» MATERIAL PROVIDED
lemma Phi_ring_identity:
  fixes a b c d x0 x1 y0 y1 z0 z1 :: "'a::ring_1"
  assumes "is_unit a" "is_unit b" "is_unit (d - 1)" "is_unit (d - c * uinv a * b)"
    and "is_unit x0" "is_unit y0" "is_unit x1" "is_unit y1"
    and "x1 + y1 + z1 = 0" "x1 + c * y1 + d * z1 = 0"
    and "x0 + a * y0 + b * z0 = 0" "x0 + c * y0 + d * z0 = 0"
  shows "uinv (x0 * uinv y0 * y1 * uinv x1) =
    uinv (d - 1) * (d - c) * uinv a * uinv (d * uinv b - c * uinv a) * (d * uinv b - 1)"
proof -
  define K where "K = d - c * uinv a * b"
  have "(c - d) * y1 = (d - 1) * x1"
    using eliminate_left[OF is_unit_one, where p = 1 and r = c and s = d] assms(9,10) by simp
  then have x1_y1: "x1 * uinv y1 = uinv (d - 1) * (c - d)"
    using assms(3,8) by (intro mult_uinv_eq_if_mult_eq) simp_all
  have T: "c - d * uinv b * a = - (K * uinv b * a)"
    using assms(1,2) unfolding K_def by (simp add: algebra_simps mult.assoc)
  have uinv_T: "is_unit (c - d * uinv b * a)" "uinv (c - d * uinv b * a) = - (uinv a * b * uinv K)"
    using assms(1,2,4) unfolding T K_def by (simp_all add: mult.assoc)
  have "y0 * uinv x0 = uinv (c - d * uinv b * a) * (d * uinv b - 1)"
    using uinv_T(1) assms(5) eliminate_left[OF assms(2,11,12)] by (rule mult_uinv_eq_if_mult_eq)
  then have y0_x0: "y0 * uinv x0 = - (uinv a * b * uinv K) * (d * uinv b - 1)"
    unfolding uinv_T(2) .
  have uinv_V: "uinv (d * uinv b - c * uinv a) = b * uinv K"
  proof -
    have "d * uinv b - c * uinv a = K * uinv b"
      using assms(2) unfolding K_def by (simp add: algebra_simps mult.assoc)
    then show ?thesis using assms(2,4) unfolding K_def by simp
  qed
  have "uinv (x0 * uinv y0 * y1 * uinv x1) = x1 * uinv y1 * (y0 * uinv x0)"
    using assms(5-8) by (simp add: mult.assoc)
  also have "\<dots> = uinv (d - 1) * (c - d) * (- (uinv a * b * uinv K) * (d * uinv b - 1))"
    unfolding x1_y1 y0_x0 ..
  also have "\<dots> = uinv (d - 1) * (d - c) * uinv a * (b * uinv K) * (d * uinv b - 1)"
    by (simp add: algebra_simps)
  finally show ?thesis unfolding uinv_V by (simp add: mult.assoc)
qed

lemma Phi_inv_ring_identity:
  fixes a b c d x0 x1 x2 y0 y1 y2 :: "'a::ring_1"
  assumes "is_unit a" "is_unit b" "is_unit c" "is_unit d" "is_unit (d - c)" "is_unit (d - b)"
    and "is_unit y0" "is_unit x1"
    and "y0 + y1 + y2 = 0" "y0 + y1 * uinv c + y2 * uinv d = 0"
    and "x0 + x1 * uinv a + x2 * uinv b = 0" "x0 + x1 * uinv c + x2 * uinv d = 0"
  shows "uinv y0 * y1 * uinv x1 * x0 =
    (d - 1) * uinv (d - c) * (d * uinv b - c * uinv a) * uinv (d * uinv b - 1)"
proof -
  define K where "K = d - c * uinv a * b"
  have E: "uinv c - uinv d = uinv c * (d - c) * uinv d"
    using assms(3,4) by (simp add: algebra_simps mult.assoc)
  have "y1 * (uinv c - uinv d) = y0 * (uinv d - 1)"
    using eliminate_right[OF is_unit_one, where p = 1 and r = "uinv c" and s = "uinv d"] assms(9,10) by simp
  then have "uinv y0 * y1 = (uinv d - 1) * uinv (uinv c - uinv d)"
    using assms(3-5,7) unfolding E by (intro uinv_mult_eq_if_mult_eq) simp_all
  also have "uinv (uinv c - uinv d) = d * uinv (d - c) * c"
    using assms(3-5) unfolding E by (simp add: mult.assoc)
  finally have y0_y1: "uinv y0 * y1 = (uinv d - 1) * (d * uinv (d - c) * c)" .
  have Q: "b * uinv d - 1 = - ((d - b) * uinv d)"
    using assms(4) by (simp add: algebra_simps)
  have "x1 * (uinv c - uinv a * b * uinv d) = x0 * (b * uinv d - 1)"
    using eliminate_right[OF is_unit_uinv[OF assms(2)] assms(11,12)] assms(2) by simp
  then have "uinv x1 * x0 = (uinv c - uinv a * b * uinv d) * uinv (b * uinv d - 1)"
    using assms(4,6,8) unfolding Q by (intro uinv_mult_eq_if_mult_eq) simp_all
  also have "uinv (b * uinv d - 1) = - (d * uinv (d - b))"
    using assms(4,6) unfolding Q by simp
  finally have x1_x0: "uinv x1 * x0 = (uinv c - uinv a * b * uinv d) * - (d * uinv (d - b))" .
  have "uinv y0 * y1 * uinv x1 * x0 = (uinv y0 * y1) * (uinv x1 * x0)"
    by (simp add: mult.assoc)
  also have "\<dots> =
      - ((uinv d - 1) * d * uinv (d - c) * (c * (uinv c - uinv a * b * uinv d) * d) * uinv (d - b))"
    unfolding x1_x0 y0_y1 by (simp add: mult.assoc)
  also have "(uinv d - 1) * d = 1 - d"
    using assms(4) by (simp add: algebra_simps)
  also have "c * (uinv c - uinv a * b * uinv d) * d = K"
    using assms(3,4) unfolding K_def by (simp add: algebra_simps mult.assoc)
  also have "- ((1 - d) * uinv (d - c) * K * uinv (d - b)) =
      (d - 1) * uinv (d - c) * (K * uinv b) * (b * uinv (d - b))"
    using assms(2) by (simp add: algebra_simps)
  also have "K * uinv b = d * uinv b - c * uinv a"
    using assms(2) unfolding K_def by (simp add: algebra_simps mult.assoc)
  also have "b * uinv (d - b) = uinv (d * uinv b - 1)"
  proof -
    have "d * uinv b - 1 = (d - b) * uinv b" using assms(2) by (simp add: algebra_simps)
    then show ?thesis using assms(2,6) by simp
  qed
  finally show ?thesis .
qed

lemma in_hatS_mat3_units:
  fixes a b c d :: "'a::ring_1"
  assumes "in_hatS (mat3 1 1 1 1 a b 1 c d)"
  shows "is_unit a" "is_unit b" "is_unit c" "is_unit d"
    and "is_unit (d - 1)" "is_unit (d - c)" "is_unit (d - b)" "is_unit (d - c * uinv a * b)"
proof -
  have S: "all_sq_submats_invertible (mat3 1 1 1 1 a b 1 c d)"
    using assms unfolding in_hatS_def in_S_def by simp
  show "is_unit a" "is_unit b" "is_unit c" "is_unit d"
    using all_sq_submats_invertible_unit[OF S, of 1 1] all_sq_submats_invertible_unit[OF S, of 1 2]
      all_sq_submats_invertible_unit[OF S, of 2 1] all_sq_submats_invertible_unit[OF S, of 2 2]
    by simp_all
  show "is_unit (d - 1)" "is_unit (d - c)" "is_unit (d - b)" "is_unit (d - c * uinv a * b)"
    using all_sq_submats_invertible_schur_unit[OF S, of 0 2 0 2]
      all_sq_submats_invertible_schur_unit[OF S, of 0 2 1 2]
      all_sq_submats_invertible_schur_unit[OF S, of 1 2 0 2]
      all_sq_submats_invertible_schur_unit[OF S, of 1 2 1 2]
    by simp_all
qed

lemma Phi_mat3_11:
  fixes a b c d :: "'a::ring_1"
  assumes "in_hatS (mat3 1 1 1 1 a b 1 c d)"
  shows "Phi (mat3 1 1 1 1 a b 1 c d) 1 1 =
    uinv (d - 1) * (d - c) * uinv a * uinv (d * uinv b - c * uinv a) * (d * uinv b - 1)"
proof -
  define A where "A = mat3 1 1 1 1 a b 1 c d"
  define B where "B = minv 3 A"
  note units = in_hatS_mat3_units[OF assms]
  have "all_sq_submats_invertible A" using assms unfolding in_hatS_def in_S_def A_def by simp
  then have B: "is_minv 3 A B"
    unfolding B_def by (intro is_minv_minv all_sq_submats_invertible_minvertible)
  have entry_units: "is_unit (B 0 0)" "is_unit (B 1 0)" "is_unit (B 0 1)" "is_unit (B 1 1)"
    using is_minv_3_cofactor_unit[OF B, of 0 1 2 0 1 2] is_minv_3_cofactor_unit[OF B, of 0 1 2 1 0 2]
      is_minv_3_cofactor_unit[OF B, of 1 0 2 0 1 2] is_minv_3_cofactor_unit[OF B, of 1 0 2 1 0 2]
    units unfolding A_def by simp_all
  have relations: "B 0 1 + B 1 1 + B 2 1 = 0" "B 0 1 + c * B 1 1 + d * B 2 1 = 0"
    "B 0 0 + a * B 1 0 + b * B 2 0 = 0" "B 0 0 + c * B 1 0 + d * B 2 0 = 0"
    using is_minv_3_expand(1)[OF B, of 0 1 2 0 1] is_minv_3_expand(1)[OF B, of 0 1 2 2 1]
      is_minv_3_expand(1)[OF B, of 0 1 2 1 0] is_minv_3_expand(1)[OF B, of 0 1 2 2 0]
    unfolding A_def by simp_all
  show ?thesis
    unfolding A_def[symmetric] Phi_def J2_def LambdaL_def B_def[symmetric]
    using Phi_ring_identity[OF units(1,2,5,8) entry_units relations] by simp
qed

lemma Phi_inv_mat3_11:
  fixes a b c d :: "'a::ring_1"
  assumes "in_hatS (mat3 1 1 1 1 a b 1 c d)"
  shows "Phi_inv (mat3 1 1 1 1 a b 1 c d) 1 1 =
    (d - 1) * uinv (d - c) * (d * uinv b - c * uinv a) * uinv (d * uinv b - 1)"
proof -
  define C where "C = J2 (mat3 1 1 1 1 a b 1 c d)"
  define D where "D = minv 3 C"
  note units = in_hatS_mat3_units[OF assms]
  have C: "C 0 0 = 1" "C 0 1 = 1" "C 0 2 = 1" "C 1 0 = 1" "C 1 1 = uinv a" "C 1 2 = uinv c"
    "C 2 0 = 1" "C 2 1 = uinv b" "C 2 2 = uinv d"
    unfolding C_def J2_def by simp_all
  note C = C C[unfolded One_nat_def]
  have D: "is_minv 3 C D"
    using assms unfolding in_hatS_def in_S_def C_def D_def by (intro is_minv_minv) simp
  have "is_unit (uinv d - uinv c)" "is_unit (uinv d - uinv b)"
    using units by (simp_all add: is_unit_uinv_diff is_unit_diff_commute)
  then have entry_units: "is_unit (D 1 0)" "is_unit (D 0 1)"
    using is_minv_3_cofactor_unit[OF D, of 0 1 2 1 0 2] is_minv_3_cofactor_unit[OF D, of 1 0 2 0 1 2]
    by (simp_all add: C)
  have relations: "D 1 0 + D 1 1 + D 1 2 = 0" "D 1 0 + D 1 1 * uinv c + D 1 2 * uinv d = 0"
    "D 0 0 + D 0 1 * uinv a + D 0 2 * uinv b = 0" "D 0 0 + D 0 1 * uinv c + D 0 2 * uinv d = 0"
    using is_minv_3_expand(2)[OF D, of 0 1 2 1 0] is_minv_3_expand(2)[OF D, of 0 1 2 1 2]
      is_minv_3_expand(2)[OF D, of 0 1 2 0 1] is_minv_3_expand(2)[OF D, of 0 1 2 0 2]
    by (simp_all add: C)
  show ?thesis
    unfolding Phi_inv_def LambdaR_def JJinv_def J1_def C_def[symmetric] D_def[symmetric]
    using Phi_inv_ring_identity[OF units(1-4,6,7) entry_units relations] by simp
qed

theorem lemma9:
  fixes a b c d :: "'a::ring_1"
  assumes "in_hatS (mat3 1 1 1 1 a b 1 c d)"
  shows "Phi (mat3 1 1 1 1 a b 1 c d) 1 1 =
           uinv (d - 1) * (d - c) * uinv a * uinv (d * uinv b - c * uinv a) * (d * uinv b - 1)
         \<and> Phi_inv (mat3 1 1 1 1 a b 1 c d) 1 1 =
           (d - 1) * uinv (d - c) * (d * uinv b - c * uinv a) * uinv (d * uinv b - 1)"
  using Phi_mat3_11[OF assms] Phi_inv_mat3_11[OF assms] ..

end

» TASK DESCRIPTION
Print, please, the lines above from the very first through the one that holds "- (K * uinv", both included, word for word and with nothing else.

» ANSWER TO THIS PROBLEM
lemma Phi_ring_identity:
  fixes a b c d x0 x1 y0 y1 z0 z1 :: "'a::ring_1"
  assumes "is_unit a" "is_unit b" "is_unit (d - 1)" "is_unit (d - c * uinv a * b)"
    and "is_unit x0" "is_unit y0" "is_unit x1" "is_unit y1"
    and "x1 + y1 + z1 = 0" "x1 + c * y1 + d * z1 = 0"
    and "x0 + a * y0 + b * z0 = 0" "x0 + c * y0 + d * z0 = 0"
  shows "uinv (x0 * uinv y0 * y1 * uinv x1) =
    uinv (d - 1) * (d - c) * uinv a * uinv (d * uinv b - c * uinv a) * (d * uinv b - 1)"
proof -
  define K where "K = d - c * uinv a * b"
  have "(c - d) * y1 = (d - 1) * x1"
    using eliminate_left[OF is_unit_one, where p = 1 and r = c and s = d] assms(9,10) by simp
  then have x1_y1: "x1 * uinv y1 = uinv (d - 1) * (c - d)"
    using assms(3,8) by (intro mult_uinv_eq_if_mult_eq) simp_all
  have T: "c - d * uinv b * a = - (K * uinv b * a)"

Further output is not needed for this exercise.